One million peripheral blood mononuclear cells (PBMCs) were washed with 2 ml FACS buffer (PBS containing 1% bovine serum albumin and 0.05 mM EDTA). The cells were resuspended in 50 µl FACS buffer and stained with 0.375 µl ICOS-biotin antibody (eBioscience, San Diego, CA) for 20 min at 4˚C before being washed again with 2 ml FACS buffer. The following antibodies were then added for 30 min at room temperature: 0.3 µl strepavidin-PE-Cy7 (eBioscience), 3 µl CD3-Pacific Blue (eBioscience), 1 µl CD4-ECD (Beckman Coulter Inc., Fullerton, CA) and 3 µl CD25-APC-Cy (BD Bioscience, San Jose, CA). After re-washing with FACS buffer, the cells were fixed and permeabilized with 250 µl 1× Fixation/Permeabilization solution (eBioscience) for 30 min at 4˚C before being washed with 2 ml 1× Permeabilization buffer (eBioscience). Five µL FOXP3-APC antibody (eBioscience) were then added for 60 min at 4˚C before a final washing with 1× Permeabilization buffer. The cells were then resuspended in 400 µl FACS buffer and acquired on a CyAn flow cytometer with Summit software (DakoCytomation California Inc., Carpinteria, CA). Analysis was performed using FlowJo software (version 8.1; TreeStar, Inc., Ashland, OR). Isotype controls included the appropriate biotin or fluorochrome conjugated mouse IgG1a or IgG2a (Dako).
HLA-A*0201-PE labeled tetramers loaded with NY-ESO-1157-165 (SLLMWITQC) were provided by the Tetramer Core Facility, Ludwig Institute for Cancer Research (Lausanne, Switzerland). Tetramer staining and ICS were performed on cells obtained after cell harvest as previously described (23). A T cell response at a post-vaccination or post-ipilimumab time point was considered positive if it was 3 or more standard deviations greater than the mean value at baseline and had an absolute value >0.1%.
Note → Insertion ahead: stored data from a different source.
(* Let $\alpha$ be an integer. For every integer $n\geq 0$ and every $\alpha\geq 2$, $$\overline{B}_{2^\alpha,3}(4n+2)\equiv 0 \pmod 4 \quad\text{and}\quad \overline{B}_{2^\alpha,3}(8n+5)\equiv 0\pmod 4,$$ and for every $n\ge 0$ and every $\alpha\geq 3$, $$\overline{B}_{2^\alpha,3}(8n+6)\equiv 0\pmod 8.$$
   Context: An overpartition of a nonnegative integer $n$ is a partition of $n$ (a non-increasing sequence of positive integers summing to $n$) in which the first occurrence of each distinct part may be overlined. For relatively prime integers $\ell_1,\ell_2>1$, an $(\ell_1,\ell_2)$-biregular overpartition of $n$ is an overpartition of $n$ none of whose parts is divisible by $\ell_1$ or by $\ell_2$, and $\overline{B}_{\ell_1,\ell_2}(n)$ denotes the number of such overpartitions ($\overline{B}_{\ell_1,\ell_2}(0)=1$). Equivalently, writing $f_k=(q^k;q^k)_\infty=\prod_{m\ge1}(1-q^{km})$ for $|q|<1$, $$\sum_{n\ge0}\overline{B}_{\ell_1,\ell_2}(n)q^n=\frac{f_2\, f_{\ell_1}^2\, f_{\ell_2}^2\, f_{2\ell_1\ell_2}}{f_1^2\, f_{2\ell_1}\, f_{2\ell_2}\, f_{\ell_1\ell_2}^2}.$$ *)

theory Defs
  imports Main "HOL-Library.Multiset"
begin

text \<open>An overpartition of n is represented as a pair (P, S): P is the multiset of
  (positive) parts summing to n, and S is the set of distinct part sizes whose first
  occurrence is overlined (so S is a subset of the set of parts).\<close>
definition overpartitions :: "nat \<Rightarrow> (nat multiset \<times> nat set) set" where
  "overpartitions n = {(P, S). (\<forall>p\<in>#P. 0 < p) \<and> sum_mset P = n \<and> S \<subseteq> set_mset P}"

definition biregular_overpartitions :: "nat \<Rightarrow> nat \<Rightarrow> nat \<Rightarrow> (nat multiset \<times> nat set) set" where
  "biregular_overpartitions l1 l2 n =
     {(P, S) \<in> overpartitions n. \<forall>p\<in>#P. \<not> l1 dvd p \<and> \<not> l2 dvd p}"

definition Bbar :: "nat \<Rightarrow> nat \<Rightarrow> nat \<Rightarrow> nat" where
  "Bbar l1 l2 n = card (biregular_overpartitions l1 l2 n)"

end

(* Overpartitions with parts in a set S are counted by F_S = prod_{k in S} (1 + q^k) / (1 - q^k)
   = prod_{k in S} (1 + 2 q^k / (1 - q^k)), and F_S F_T = F_(S Un T) for disjoint S and T. For
   coprime l1, l2 this gives F(q) F(q^(l1 l2)) = G(q) F(q^l1) F(q^l2), where F counts all
   overpartitions and G the (l1, l2)-biregular ones.

   Modulo 8 one has F = 1 + 2 H, where the n-th coefficient of H is d(n) + 2 t(n): d(n) is the
   number of divisors of n and t(n) the number of partitions of n into parts of exactly two
   different sizes. Since 1 + 2 y is invertible modulo 8, G is an explicit quadratic polynomial
   in H and its dilations H(q^m). Its coefficients are then settled by parity: d(n) is odd only
   for squares, d(2m) = 2 d(m) and t(2m) is even for odd m (conjugation of Ferrers diagrams has
   no fixed point), and squares are 0, 1 or 4 modulo 8. *)

theory Submission
  imports Defs "HOL-Computational_Algebra.Formal_Power_Series" "HOL-Library.Numeral_Type"
    "HOL-Library.Disjoint_Sets"
begin

unbundle fps_syntax

section \<open>Overpartitions with parts in a given set\<close>

definition overpartitions_in :: "nat set \<Rightarrow> nat \<Rightarrow> (nat multiset \<times> nat set) set" where
  "overpartitions_in S n = {(P, T) \<in> overpartitions n. set_mset P \<subseteq> S}"

lemma member_le_sum_mset: "(p::nat) \<in># P \<Longrightarrow> p \<le> sum_mset P"
  by (auto dest!: multi_member_split)

lemma size_le_sum_mset: "(\<And>p. p \<in># P \<Longrightarrow> 0 < (p::nat)) \<Longrightarrow> size P \<le> sum_mset P"
proof (induction P)
  case (add x P)
  then have "0 < x" "size P \<le> sum_mset P" by simp_all
  then show ?case by simp
qed simp

lemma finite_overpartitions: "finite (overpartitions n)"
proof -
  have "overpartitions n \<subseteq> (\<Union>k\<le>n. multisets_of_size {1..n} k) \<times> Pow {1..n}"
  proof (clarify)
    fix P T assume "(P, T) \<in> overpartitions n"
    then have pos: "\<And>p. p \<in># P \<Longrightarrow> 0 < p" and sum: "sum_mset P = n" and T: "T \<subseteq> set_mset P"
      by (auto simp: overpartitions_def)
    have parts: "set_mset P \<subseteq> {1..n}"
      using pos member_le_sum_mset sum by (fastforce simp: Suc_le_eq)
    moreover have "size P \<le> n"
      using size_le_sum_mset[of P] pos sum by simp
    ultimately show "P \<in> (\<Union>k\<le>n. multisets_of_size {1..n} k) \<and> T \<in> Pow {1..n}"
      using T by (auto simp: multisets_of_size_def)
  qed
  then show ?thesis
    by (rule finite_subset) auto
qed

lemma finite_overpartitions_in: "finite (overpartitions_in S n)"
  by (rule finite_subset[OF _ finite_overpartitions[of n]]) (auto simp: overpartitions_in_def)

lemma biregular_overpartitions_eq:
  "biregular_overpartitions l1 l2 n = overpartitions_in {k. \<not> l1 dvd k \<and> \<not> l2 dvd k} n"
  by (auto simp: biregular_overpartitions_def overpartitions_in_def)

lemma overpartitions_in_atMost:
  "overpartitions_in S n = overpartitions_in (S \<inter> {..n}) n"
  by (auto simp: overpartitions_in_def overpartitions_def dest: member_le_sum_mset)

lemma filter_mset_disjoint_Un:
  assumes "set_mset P \<subseteq> S1 \<union> S2" "S1 \<inter> S2 = {}"
  shows "{#p \<in># P. p \<in> S1#} + {#p \<in># P. p \<in> S2#} = P"
  using assms by (auto simp: multiset_eq_iff not_in_iff[symmetric])

lemma bij_betw_overpartitions_in_Un:
  assumes "S1 \<inter> S2 = {}"
  shows "bij_betw (\<lambda>(P, T). (sum_mset {#p \<in># P. p \<in> S1#},
      ({#p \<in># P. p \<in> S1#}, T \<inter> S1), ({#p \<in># P. p \<in> S2#}, T \<inter> S2)))
    (overpartitions_in (S1 \<union> S2) n)
    (SIGMA i:{..n}. overpartitions_in S1 i \<times> overpartitions_in S2 (n - i))"
    (is "bij_betw ?separate ?A ?Z")
proof (rule bij_betw_byWitness[where f' = "\<lambda>(i, (P1, T1), (P2, T2)). (P1 + P2, T1 \<union> T2)"])
  show "\<forall>a\<in>?A. (\<lambda>(i, (P1, T1), (P2, T2)). (P1 + P2, T1 \<union> T2)) (?separate a) = a"
  proof
    fix a assume "a \<in> ?A"
    moreover obtain P T where a: "a = (P, T)"
      by fastforce
    ultimately have "set_mset P \<subseteq> S1 \<union> S2" "T \<subseteq> set_mset P"
      by (auto simp: overpartitions_in_def overpartitions_def)
    then have "{#p \<in># P. p \<in> S1#} + {#p \<in># P. p \<in> S2#} = P" "T \<inter> S1 \<union> T \<inter> S2 = T"
      using assms filter_mset_disjoint_Un by auto
    then show "(\<lambda>(i, (P1, T1), (P2, T2)). (P1 + P2, T1 \<union> T2)) (?separate a) = a"
      by (simp add: a)
  qed
  show "\<forall>z\<in>?Z. ?separate ((\<lambda>(i, (P1, T1), (P2, T2)). (P1 + P2, T1 \<union> T2)) z) = z"
  proof
    fix z assume "z \<in> ?Z"
    moreover obtain i P1 T1 P2 T2 where z: "z = (i, (P1, T1), (P2, T2))"
      by (metis prod.collapse)
    ultimately have "set_mset P1 \<subseteq> S1" "set_mset P2 \<subseteq> S2" "T1 \<subseteq> set_mset P1"
      "T2 \<subseteq> set_mset P2" "sum_mset P1 = i"
      by (auto simp: overpartitions_in_def overpartitions_def)
    then have "{#p \<in># P1 + P2. p \<in> S1#} = P1" "{#p \<in># P1 + P2. p \<in> S2#} = P2"
      "(T1 \<union> T2) \<inter> S1 = T1" "(T1 \<union> T2) \<inter> S2 = T2" "sum_mset P1 = i"
      using assms by (auto simp: multiset_eq_iff not_in_iff[symmetric])
    then show "?separate ((\<lambda>(i, (P1, T1), (P2, T2)). (P1 + P2, T1 \<union> T2)) z) = z"
      by (simp add: z)
  qed
  show "?separate ` ?A \<subseteq> ?Z"
  proof
    fix y assume "y \<in> ?separate ` ?A"
    then obtain P T where y: "y = ?separate (P, T)" and "(P, T) \<in> ?A"
      by force
    then have "\<forall>p\<in>#P. 0 < p" "sum_mset P = n" "T \<subseteq> set_mset P" "set_mset P \<subseteq> S1 \<union> S2"
      by (auto simp: overpartitions_in_def overpartitions_def)
    moreover from this have "sum_mset {#p \<in># P. p \<in> S1#} + sum_mset {#p \<in># P. p \<in> S2#} = n"
      using assms filter_mset_disjoint_Un by (metis sum_mset.union)
    ultimately show "y \<in> ?Z"
      by (auto simp: y overpartitions_in_def overpartitions_def)
  qed
  show "(\<lambda>(i, (P1, T1), (P2, T2)). (P1 + P2, T1 \<union> T2)) ` ?Z \<subseteq> ?A"
    by (auto simp: overpartitions_in_def overpartitions_def)
qed

lemma card_overpartitions_in_Un:
  assumes "S1 \<inter> S2 = {}"
  shows "card (overpartitions_in (S1 \<union> S2) n)
    = (\<Sum>i\<le>n. card (overpartitions_in S1 i) * card (overpartitions_in S2 (n - i)))"
  using bij_betw_same_card[OF bij_betw_overpartitions_in_Un[OF assms]]
  by (simp add: card_SigmaI finite_overpartitions_in card_cartesian_product)

lemma image_mset_mult_div_eq:
  fixes m :: nat
  assumes "\<forall>p\<in>#P. m dvd p"
  shows "image_mset ((*) m) (image_mset (\<lambda>p. p div m) P) = P"
proof -
  have "image_mset ((*) m) (image_mset (\<lambda>p. p div m) P) = image_mset id P"
    unfolding image_mset.compositionality by (rule image_mset_cong) (use assms in auto)
  then show ?thesis by simp
qed

lemma sum_mset_image_mult: "sum_mset (image_mset ((*) m) P) = m * sum_mset (P :: nat multiset)"
  by (induction P) (simp_all add: algebra_simps)

lemma overpartitions_in_image_mult_dvd:
  fixes m :: nat
  assumes "(P, T) \<in> overpartitions_in ((*) m ` S) n"
  shows "\<forall>p\<in>#P. m dvd p" "\<forall>p\<in>T. m dvd p" "n = m * sum_mset (image_mset (\<lambda>p. p div m) P)"
proof -
  show dvd: "\<forall>p\<in>#P. m dvd p"
    using assms by (auto simp: overpartitions_in_def)
  then show "\<forall>p\<in>T. m dvd p"
    using assms by (auto simp: overpartitions_in_def overpartitions_def)
  have "n = sum_mset (image_mset ((*) m) (image_mset (\<lambda>p. p div m) P))"
    using assms dvd by (simp only: image_mset_mult_div_eq) (simp add: overpartitions_in_def overpartitions_def)
  then show "n = m * sum_mset (image_mset (\<lambda>p. p div m) P)"
    by (simp only: sum_mset_image_mult)
qed

lemma scale_mem_overpartitions_in:
  fixes m :: nat
  assumes "(P, T) \<in> overpartitions_in S n" "0 < m"
  shows "(image_mset ((*) m) P, (*) m ` T) \<in> overpartitions_in ((*) m ` S) (m * n)"
proof -
  have "\<forall>p\<in>#P. 0 < p" "sum_mset P = n" "T \<subseteq> set_mset P" "set_mset P \<subseteq> S"
    using assms(1) by (auto simp: overpartitions_in_def overpartitions_def)
  then show ?thesis
    using assms(2) image_mono[of T "set_mset P" "(*) m"] image_mono[of "set_mset P" S "(*) m"]
    by (simp add: overpartitions_in_def overpartitions_def sum_mset_image_mult)
qed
Tissue sections (5 µm) were prepared from formalin-fixed, paraffin-embedded material and collected on Superfrost/plus microscope slides (Fisher Scientific, NJ). After deparaffinization and rehydration, the slides were boiled in 50 mM citrate buffer (pH 6) for 30 minutes to retrieve the antigens. Subsequently, the slides were allowed to cool down at room temperature. Immunohistochemistry (IHC) was performed using the ABC method. Rat anti-human monoclonal antibody HLA-DR (1:200 dilution, clone YE2/36HLK, Abcam) and mouse anti-human monoclonal HLA class I (1:200 dilution, clone A4, eBioscience) were applied as primary antibodies at 4˚C overnight. Before applying primary antibodies, the sections were blocked with 10% rabbit and horse normal serum (Santa Cruz Biotechnology, CA) for HLA-DR and HLA class I respectively. Biotinylated rabbit anti-rat and horse anti-mouse secondary antibodies (Vectastain Elite ABC kit, Vector Labs, Burlingame, CA) were added on the second day, incubated for 30 minutes at room temperature and tertiary reagent was applied according to the manufacturer's instructions. Antigen detection was performed by a color reaction with 3,3'-diaminobenzidine (DAB plus chromogen; DakoCytomation, Germany). The sections were counterstained with hematoxylin and mounted with Permount media (Fisher Scientific, NJ). The slides were scanned with a Mirax Scanner (Carl Zeiss AG, VA) and images were acquired with Mirax Reviewer 1.11 software. IHC detection of MAGE-A1, MAGE-A, CT10/MAGE-C2, NY-ESO-1, CT7/MAGE-C1 and GAGE was performed using monoclonal antibodies MA-454, M3H67, CT10-5, E978, CT7-33 and #26 respectively, as previously described (30).